Task to carry out:
Reproduce only the top of the records, down to and including the line containing "K x \<longleftrightarrow>".

Stored data:

------------------------------

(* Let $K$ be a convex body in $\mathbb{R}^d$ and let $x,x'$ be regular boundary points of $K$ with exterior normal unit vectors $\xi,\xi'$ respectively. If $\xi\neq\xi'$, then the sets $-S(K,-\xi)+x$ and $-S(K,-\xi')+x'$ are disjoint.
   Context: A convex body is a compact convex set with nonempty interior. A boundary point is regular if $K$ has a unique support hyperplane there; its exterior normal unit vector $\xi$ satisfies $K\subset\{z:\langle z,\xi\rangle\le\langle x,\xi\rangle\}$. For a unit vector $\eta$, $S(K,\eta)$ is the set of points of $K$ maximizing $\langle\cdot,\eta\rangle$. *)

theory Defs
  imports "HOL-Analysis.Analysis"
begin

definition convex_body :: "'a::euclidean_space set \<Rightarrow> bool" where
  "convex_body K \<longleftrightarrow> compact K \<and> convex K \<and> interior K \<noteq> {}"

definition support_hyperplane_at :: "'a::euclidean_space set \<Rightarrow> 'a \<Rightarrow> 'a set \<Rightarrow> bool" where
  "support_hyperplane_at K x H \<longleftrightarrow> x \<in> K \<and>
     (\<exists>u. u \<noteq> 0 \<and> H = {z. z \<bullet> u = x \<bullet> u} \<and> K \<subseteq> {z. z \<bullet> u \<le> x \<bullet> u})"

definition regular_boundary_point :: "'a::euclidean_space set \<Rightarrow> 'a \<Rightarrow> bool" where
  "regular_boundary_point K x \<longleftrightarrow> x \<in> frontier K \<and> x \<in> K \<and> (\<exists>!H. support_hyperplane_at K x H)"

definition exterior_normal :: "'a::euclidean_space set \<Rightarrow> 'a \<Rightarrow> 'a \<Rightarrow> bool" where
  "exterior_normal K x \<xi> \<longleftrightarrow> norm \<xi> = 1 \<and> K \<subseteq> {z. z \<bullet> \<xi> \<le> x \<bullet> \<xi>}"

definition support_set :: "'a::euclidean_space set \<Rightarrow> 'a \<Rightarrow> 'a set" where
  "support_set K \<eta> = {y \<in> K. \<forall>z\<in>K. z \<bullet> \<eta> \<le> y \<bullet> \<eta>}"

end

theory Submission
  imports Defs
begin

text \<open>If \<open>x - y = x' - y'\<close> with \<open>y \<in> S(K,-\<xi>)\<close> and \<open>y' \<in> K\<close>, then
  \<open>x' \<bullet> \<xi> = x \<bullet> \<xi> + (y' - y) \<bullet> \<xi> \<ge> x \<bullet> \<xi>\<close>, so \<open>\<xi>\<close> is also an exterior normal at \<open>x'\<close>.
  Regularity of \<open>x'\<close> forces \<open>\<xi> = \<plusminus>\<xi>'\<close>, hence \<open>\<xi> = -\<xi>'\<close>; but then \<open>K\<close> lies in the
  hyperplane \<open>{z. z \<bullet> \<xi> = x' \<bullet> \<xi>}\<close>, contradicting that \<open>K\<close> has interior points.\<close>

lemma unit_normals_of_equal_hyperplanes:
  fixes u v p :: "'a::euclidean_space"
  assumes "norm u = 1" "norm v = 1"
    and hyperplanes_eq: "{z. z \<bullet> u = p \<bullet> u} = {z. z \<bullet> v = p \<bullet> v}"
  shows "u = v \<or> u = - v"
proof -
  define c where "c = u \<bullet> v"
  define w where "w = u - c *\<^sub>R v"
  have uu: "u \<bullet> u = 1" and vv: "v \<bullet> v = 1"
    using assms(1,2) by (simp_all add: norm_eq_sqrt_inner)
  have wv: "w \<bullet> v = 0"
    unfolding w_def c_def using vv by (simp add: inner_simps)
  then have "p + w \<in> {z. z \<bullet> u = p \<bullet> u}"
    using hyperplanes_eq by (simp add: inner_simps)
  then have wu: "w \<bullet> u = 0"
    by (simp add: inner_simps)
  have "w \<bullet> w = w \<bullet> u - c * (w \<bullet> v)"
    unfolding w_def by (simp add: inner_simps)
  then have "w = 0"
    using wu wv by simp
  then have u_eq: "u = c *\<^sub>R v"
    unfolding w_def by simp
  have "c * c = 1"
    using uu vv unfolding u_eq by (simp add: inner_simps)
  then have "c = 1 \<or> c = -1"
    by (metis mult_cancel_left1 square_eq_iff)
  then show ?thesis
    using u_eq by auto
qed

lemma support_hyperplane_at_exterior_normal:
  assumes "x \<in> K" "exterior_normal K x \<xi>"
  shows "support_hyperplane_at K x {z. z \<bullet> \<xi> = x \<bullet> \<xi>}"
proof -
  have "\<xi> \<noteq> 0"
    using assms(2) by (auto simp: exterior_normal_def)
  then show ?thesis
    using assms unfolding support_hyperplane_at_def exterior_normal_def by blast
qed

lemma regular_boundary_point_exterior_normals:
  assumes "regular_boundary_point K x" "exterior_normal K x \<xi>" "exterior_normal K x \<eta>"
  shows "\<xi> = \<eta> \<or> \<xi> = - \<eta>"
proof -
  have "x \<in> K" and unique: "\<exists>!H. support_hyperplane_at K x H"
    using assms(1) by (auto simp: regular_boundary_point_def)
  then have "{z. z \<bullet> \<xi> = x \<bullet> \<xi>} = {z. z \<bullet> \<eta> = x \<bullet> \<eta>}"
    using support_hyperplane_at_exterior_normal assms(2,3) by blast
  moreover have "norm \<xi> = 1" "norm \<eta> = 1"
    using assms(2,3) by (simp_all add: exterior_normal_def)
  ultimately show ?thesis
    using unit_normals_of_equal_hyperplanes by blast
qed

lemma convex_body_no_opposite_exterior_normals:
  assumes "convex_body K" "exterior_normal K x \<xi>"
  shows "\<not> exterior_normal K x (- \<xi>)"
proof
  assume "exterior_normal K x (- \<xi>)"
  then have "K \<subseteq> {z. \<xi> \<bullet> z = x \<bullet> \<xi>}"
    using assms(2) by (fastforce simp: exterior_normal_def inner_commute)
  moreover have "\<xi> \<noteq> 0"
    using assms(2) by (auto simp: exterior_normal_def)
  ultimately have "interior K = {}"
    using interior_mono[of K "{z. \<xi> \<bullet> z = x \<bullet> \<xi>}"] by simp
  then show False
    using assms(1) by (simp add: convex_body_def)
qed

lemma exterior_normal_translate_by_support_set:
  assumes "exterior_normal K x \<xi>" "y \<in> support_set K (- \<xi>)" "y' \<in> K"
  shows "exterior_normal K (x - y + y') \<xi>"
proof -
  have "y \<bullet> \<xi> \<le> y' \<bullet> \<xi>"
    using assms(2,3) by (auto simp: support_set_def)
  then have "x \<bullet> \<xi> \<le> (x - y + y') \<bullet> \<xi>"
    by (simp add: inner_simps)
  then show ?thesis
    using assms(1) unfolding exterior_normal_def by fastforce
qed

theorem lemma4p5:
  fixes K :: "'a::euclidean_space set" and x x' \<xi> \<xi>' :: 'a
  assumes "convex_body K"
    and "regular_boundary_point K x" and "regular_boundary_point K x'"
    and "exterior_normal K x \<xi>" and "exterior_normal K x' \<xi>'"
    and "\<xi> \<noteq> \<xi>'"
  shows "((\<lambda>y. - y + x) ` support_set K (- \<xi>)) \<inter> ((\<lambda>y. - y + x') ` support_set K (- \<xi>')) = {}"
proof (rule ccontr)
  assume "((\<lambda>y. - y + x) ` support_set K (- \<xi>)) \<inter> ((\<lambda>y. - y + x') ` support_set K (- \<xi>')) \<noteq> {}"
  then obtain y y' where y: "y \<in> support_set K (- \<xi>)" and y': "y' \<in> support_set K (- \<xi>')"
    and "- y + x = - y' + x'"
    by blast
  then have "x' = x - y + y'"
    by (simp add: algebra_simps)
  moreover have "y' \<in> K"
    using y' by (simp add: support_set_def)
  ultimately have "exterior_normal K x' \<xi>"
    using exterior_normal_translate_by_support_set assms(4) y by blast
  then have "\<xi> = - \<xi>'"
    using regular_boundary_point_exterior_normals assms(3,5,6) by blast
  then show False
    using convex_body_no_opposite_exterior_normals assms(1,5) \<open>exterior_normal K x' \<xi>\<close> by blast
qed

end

------------------------------

Solution:
(* Let $K$ be a convex body in $\mathbb{R}^d$ and let $x,x'$ be regular boundary points of $K$ with exterior normal unit vectors $\xi,\xi'$ respectively. If $\xi\neq\xi'$, then the sets $-S(K,-\xi)+x$ and $-S(K,-\xi')+x'$ are disjoint.
   Context: A convex body is a compact convex set with nonempty interior. A boundary point is regular if $K$ has a unique support hyperplane there; its exterior normal unit vector $\xi$ satisfies $K\subset\{z:\langle z,\xi\rangle\le\langle x,\xi\rangle\}$. For a unit vector $\eta$, $S(K,\eta)$ is the set of points of $K$ maximizing $\langle\cdot,\eta\rangle$. *)

theory Defs
  imports "HOL-Analysis.Analysis"
begin

definition convex_body :: "'a::euclidean_space set \<Rightarrow> bool" where
  "convex_body K \<longleftrightarrow> compact K \<and> convex K \<and> interior K \<noteq> {}"

definition support_hyperplane_at :: "'a::euclidean_space set \<Rightarrow> 'a \<Rightarrow> 'a set \<Rightarrow> bool" where
  "support_hyperplane_at K x H \<longleftrightarrow> x \<in> K \<and>
     (\<exists>u. u \<noteq> 0 \<and> H = {z. z \<bullet> u = x \<bullet> u} \<and> K \<subseteq> {z. z \<bullet> u \<le> x \<bullet> u})"

definition regular_boundary_point :: "'a::euclidean_space set \<Rightarrow> 'a \<Rightarrow> bool" where
  "regular_boundary_point K x \<longleftrightarrow> x \<in> frontier K \<and> x \<in> K \<and> (\<exists>!H. support_hyperplane_at K x H)"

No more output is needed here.